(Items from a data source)
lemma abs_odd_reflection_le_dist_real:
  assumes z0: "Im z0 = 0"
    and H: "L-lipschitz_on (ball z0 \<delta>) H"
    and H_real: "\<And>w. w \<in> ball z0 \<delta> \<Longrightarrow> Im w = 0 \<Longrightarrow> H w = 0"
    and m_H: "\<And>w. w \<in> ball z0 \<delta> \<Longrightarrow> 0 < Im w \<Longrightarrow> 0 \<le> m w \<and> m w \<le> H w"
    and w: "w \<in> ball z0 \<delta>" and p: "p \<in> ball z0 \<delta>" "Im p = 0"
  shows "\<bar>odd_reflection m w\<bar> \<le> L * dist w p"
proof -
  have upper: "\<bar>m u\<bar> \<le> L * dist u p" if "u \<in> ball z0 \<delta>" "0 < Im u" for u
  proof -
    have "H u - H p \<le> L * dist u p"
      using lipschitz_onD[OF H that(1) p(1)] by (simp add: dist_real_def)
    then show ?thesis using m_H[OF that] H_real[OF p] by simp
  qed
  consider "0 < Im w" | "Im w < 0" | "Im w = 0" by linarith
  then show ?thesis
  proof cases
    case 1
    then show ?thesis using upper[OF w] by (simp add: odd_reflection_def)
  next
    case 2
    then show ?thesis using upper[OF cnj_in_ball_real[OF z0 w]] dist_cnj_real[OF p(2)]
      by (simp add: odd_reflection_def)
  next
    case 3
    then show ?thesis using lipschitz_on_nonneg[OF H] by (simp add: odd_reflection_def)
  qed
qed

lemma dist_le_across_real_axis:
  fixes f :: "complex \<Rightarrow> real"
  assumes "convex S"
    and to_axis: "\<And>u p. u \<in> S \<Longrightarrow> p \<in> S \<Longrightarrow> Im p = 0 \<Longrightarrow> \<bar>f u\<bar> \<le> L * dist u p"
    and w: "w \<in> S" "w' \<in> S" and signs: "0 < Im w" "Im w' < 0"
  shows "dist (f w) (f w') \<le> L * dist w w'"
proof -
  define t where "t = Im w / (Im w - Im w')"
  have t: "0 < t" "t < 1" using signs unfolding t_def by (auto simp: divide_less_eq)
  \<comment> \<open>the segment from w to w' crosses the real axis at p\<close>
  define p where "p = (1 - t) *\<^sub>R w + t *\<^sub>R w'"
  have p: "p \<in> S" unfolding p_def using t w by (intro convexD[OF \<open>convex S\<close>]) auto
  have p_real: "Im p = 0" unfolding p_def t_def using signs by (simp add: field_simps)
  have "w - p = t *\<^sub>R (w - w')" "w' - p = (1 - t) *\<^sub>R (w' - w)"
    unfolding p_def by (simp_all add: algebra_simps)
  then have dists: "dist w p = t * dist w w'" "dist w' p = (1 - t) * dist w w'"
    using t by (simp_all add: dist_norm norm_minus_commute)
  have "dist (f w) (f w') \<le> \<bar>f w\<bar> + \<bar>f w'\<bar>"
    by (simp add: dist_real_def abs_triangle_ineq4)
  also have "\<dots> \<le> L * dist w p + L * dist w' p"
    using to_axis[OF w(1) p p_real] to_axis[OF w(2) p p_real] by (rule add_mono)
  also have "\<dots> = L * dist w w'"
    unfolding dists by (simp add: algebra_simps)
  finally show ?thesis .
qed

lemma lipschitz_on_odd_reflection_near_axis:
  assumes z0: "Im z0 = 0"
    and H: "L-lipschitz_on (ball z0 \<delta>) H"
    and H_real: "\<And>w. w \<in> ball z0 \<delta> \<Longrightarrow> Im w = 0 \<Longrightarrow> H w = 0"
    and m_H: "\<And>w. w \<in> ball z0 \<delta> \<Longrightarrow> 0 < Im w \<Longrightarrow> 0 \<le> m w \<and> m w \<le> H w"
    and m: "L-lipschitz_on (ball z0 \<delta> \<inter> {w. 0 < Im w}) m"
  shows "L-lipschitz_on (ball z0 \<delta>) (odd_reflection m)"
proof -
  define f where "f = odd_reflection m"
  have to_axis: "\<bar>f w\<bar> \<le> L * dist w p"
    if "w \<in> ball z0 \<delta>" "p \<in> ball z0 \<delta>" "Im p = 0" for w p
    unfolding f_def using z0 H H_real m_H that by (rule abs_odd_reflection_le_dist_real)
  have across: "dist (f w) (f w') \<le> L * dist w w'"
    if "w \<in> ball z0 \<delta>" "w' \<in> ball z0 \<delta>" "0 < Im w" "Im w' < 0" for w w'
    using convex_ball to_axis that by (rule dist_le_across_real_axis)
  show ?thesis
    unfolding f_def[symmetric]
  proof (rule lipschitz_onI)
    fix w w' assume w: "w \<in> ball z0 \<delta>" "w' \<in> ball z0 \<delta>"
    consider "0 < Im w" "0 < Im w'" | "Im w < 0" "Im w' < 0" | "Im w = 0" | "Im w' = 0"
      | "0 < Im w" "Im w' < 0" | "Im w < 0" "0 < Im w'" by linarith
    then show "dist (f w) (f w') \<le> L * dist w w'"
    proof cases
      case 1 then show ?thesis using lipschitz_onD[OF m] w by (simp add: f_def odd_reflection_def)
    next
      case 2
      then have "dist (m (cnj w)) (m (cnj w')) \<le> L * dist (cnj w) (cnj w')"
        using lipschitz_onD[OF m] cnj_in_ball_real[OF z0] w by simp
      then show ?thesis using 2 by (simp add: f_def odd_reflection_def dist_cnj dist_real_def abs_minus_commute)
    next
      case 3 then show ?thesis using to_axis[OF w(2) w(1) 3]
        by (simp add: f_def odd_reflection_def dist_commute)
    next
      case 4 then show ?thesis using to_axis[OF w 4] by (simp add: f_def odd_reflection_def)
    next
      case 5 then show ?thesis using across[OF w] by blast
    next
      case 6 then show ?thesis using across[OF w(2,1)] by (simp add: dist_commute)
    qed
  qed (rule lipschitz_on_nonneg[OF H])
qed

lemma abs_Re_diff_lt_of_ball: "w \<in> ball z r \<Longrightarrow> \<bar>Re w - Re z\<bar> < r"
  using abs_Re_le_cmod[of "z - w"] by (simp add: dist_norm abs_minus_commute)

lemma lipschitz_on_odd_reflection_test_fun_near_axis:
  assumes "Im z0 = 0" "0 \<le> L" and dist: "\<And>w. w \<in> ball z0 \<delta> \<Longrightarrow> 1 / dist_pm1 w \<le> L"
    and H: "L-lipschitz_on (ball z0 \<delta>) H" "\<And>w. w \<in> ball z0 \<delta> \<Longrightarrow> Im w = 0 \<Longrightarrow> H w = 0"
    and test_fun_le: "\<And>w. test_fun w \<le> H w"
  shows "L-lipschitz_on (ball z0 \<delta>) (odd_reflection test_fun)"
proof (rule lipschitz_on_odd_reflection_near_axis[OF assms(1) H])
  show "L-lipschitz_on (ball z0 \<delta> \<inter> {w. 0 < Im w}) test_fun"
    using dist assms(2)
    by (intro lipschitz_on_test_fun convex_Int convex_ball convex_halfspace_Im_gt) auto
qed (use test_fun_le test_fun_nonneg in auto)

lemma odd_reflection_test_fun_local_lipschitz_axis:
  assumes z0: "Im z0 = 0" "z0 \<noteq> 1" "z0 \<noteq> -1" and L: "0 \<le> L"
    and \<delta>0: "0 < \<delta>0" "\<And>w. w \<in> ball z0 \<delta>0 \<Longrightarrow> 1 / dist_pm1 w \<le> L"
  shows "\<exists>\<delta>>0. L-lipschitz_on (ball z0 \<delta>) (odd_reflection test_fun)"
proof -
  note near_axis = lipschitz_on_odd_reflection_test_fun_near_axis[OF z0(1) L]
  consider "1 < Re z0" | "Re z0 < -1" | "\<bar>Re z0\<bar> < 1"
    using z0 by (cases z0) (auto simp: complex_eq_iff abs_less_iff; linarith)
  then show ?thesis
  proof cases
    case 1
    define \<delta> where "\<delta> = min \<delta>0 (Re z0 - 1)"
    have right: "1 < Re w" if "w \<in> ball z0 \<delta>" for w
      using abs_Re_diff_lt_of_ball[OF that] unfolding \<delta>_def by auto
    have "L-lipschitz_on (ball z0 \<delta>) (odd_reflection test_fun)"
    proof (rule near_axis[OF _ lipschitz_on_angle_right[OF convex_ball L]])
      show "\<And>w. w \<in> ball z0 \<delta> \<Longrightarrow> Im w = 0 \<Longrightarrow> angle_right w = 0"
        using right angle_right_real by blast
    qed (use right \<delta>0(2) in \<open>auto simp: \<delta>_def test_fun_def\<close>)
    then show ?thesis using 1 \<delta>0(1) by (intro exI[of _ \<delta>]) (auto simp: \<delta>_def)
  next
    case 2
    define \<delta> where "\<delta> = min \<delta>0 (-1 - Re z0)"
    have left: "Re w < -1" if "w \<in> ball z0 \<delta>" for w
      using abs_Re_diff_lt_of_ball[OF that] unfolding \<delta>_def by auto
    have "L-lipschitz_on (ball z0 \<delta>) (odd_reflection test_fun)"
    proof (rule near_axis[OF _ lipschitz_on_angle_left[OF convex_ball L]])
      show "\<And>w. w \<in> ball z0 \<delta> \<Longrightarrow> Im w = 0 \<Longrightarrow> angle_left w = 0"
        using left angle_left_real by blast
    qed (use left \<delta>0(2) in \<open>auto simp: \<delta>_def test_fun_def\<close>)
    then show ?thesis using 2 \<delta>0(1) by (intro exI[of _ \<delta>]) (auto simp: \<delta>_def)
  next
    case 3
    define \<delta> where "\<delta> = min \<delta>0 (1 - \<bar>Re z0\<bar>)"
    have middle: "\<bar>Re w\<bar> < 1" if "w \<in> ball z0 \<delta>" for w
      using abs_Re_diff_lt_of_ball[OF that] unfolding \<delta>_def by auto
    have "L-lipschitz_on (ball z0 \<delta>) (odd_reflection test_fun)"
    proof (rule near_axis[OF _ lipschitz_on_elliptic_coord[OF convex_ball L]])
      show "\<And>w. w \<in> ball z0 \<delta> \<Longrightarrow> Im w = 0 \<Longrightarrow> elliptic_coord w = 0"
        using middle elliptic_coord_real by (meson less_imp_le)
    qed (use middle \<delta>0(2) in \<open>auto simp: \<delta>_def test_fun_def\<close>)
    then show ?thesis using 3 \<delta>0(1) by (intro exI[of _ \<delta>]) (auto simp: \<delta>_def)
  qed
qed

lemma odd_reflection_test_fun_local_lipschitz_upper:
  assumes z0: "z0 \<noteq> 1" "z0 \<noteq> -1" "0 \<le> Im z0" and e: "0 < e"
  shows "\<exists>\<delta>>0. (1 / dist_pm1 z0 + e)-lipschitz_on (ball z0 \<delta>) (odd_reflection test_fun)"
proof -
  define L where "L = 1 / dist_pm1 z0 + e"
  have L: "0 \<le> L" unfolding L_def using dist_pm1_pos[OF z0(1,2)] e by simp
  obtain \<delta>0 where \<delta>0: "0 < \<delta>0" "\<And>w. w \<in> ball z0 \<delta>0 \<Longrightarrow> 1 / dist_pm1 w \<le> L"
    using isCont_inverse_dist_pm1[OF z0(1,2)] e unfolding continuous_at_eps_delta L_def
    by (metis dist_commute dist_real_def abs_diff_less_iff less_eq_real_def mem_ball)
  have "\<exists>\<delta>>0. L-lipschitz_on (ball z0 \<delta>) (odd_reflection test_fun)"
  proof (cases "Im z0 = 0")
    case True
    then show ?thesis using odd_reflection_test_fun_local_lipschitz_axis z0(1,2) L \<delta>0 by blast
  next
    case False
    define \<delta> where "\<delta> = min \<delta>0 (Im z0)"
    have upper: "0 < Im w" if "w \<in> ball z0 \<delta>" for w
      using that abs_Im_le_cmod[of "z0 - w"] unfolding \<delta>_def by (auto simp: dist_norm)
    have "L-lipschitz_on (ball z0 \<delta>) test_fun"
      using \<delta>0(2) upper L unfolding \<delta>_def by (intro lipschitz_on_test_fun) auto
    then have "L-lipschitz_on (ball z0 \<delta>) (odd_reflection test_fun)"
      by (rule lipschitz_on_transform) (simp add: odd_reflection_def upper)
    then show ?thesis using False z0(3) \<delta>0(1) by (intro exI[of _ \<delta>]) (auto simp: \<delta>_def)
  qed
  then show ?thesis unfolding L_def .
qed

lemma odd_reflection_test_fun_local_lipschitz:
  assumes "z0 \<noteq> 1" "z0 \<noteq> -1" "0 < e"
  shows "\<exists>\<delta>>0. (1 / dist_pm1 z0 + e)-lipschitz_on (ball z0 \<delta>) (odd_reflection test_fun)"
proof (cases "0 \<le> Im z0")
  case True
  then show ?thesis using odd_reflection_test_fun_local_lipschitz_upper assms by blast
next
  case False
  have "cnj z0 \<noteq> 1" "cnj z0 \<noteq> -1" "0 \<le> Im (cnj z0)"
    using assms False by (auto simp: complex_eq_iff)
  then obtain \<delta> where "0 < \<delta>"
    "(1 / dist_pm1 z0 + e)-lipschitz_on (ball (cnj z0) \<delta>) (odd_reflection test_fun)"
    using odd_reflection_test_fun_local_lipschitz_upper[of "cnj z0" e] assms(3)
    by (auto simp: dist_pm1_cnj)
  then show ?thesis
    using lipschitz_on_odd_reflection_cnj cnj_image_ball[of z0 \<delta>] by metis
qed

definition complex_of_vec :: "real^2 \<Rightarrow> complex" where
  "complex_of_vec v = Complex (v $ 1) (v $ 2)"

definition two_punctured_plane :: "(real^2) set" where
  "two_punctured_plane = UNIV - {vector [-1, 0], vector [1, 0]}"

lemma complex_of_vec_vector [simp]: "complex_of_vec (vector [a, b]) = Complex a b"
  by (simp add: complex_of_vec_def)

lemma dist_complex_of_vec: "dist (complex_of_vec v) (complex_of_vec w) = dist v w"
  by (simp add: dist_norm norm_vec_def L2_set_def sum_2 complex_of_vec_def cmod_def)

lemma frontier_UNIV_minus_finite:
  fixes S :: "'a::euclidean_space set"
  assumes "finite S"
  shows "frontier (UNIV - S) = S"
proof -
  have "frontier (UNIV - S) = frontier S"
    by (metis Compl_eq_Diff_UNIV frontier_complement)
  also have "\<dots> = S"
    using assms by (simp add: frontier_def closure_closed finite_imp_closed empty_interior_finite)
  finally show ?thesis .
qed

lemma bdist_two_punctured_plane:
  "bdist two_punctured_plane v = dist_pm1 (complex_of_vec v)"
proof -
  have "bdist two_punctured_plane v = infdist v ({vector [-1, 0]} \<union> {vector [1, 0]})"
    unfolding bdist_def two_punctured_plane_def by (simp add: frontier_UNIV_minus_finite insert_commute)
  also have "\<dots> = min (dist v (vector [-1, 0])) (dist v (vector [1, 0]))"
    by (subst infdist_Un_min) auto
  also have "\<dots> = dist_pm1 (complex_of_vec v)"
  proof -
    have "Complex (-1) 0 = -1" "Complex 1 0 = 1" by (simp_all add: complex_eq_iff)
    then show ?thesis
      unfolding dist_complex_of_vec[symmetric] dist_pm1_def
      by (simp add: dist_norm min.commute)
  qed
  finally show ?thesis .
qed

Work required:
For each line above that includes "vector", copy the line.

Solution below:
  "two_punctured_plane = UNIV - {vector [-1, 0], vector [1, 0]}"
lemma complex_of_vec_vector [simp]: "complex_of_vec (vector [a, b]) = Complex a b"
  have "bdist two_punctured_plane v = infdist v ({vector [-1, 0]} \<union> {vector [1, 0]})"
  also have "\<dots> = min (dist v (vector [-1, 0])) (dist v (vector [1, 0]))"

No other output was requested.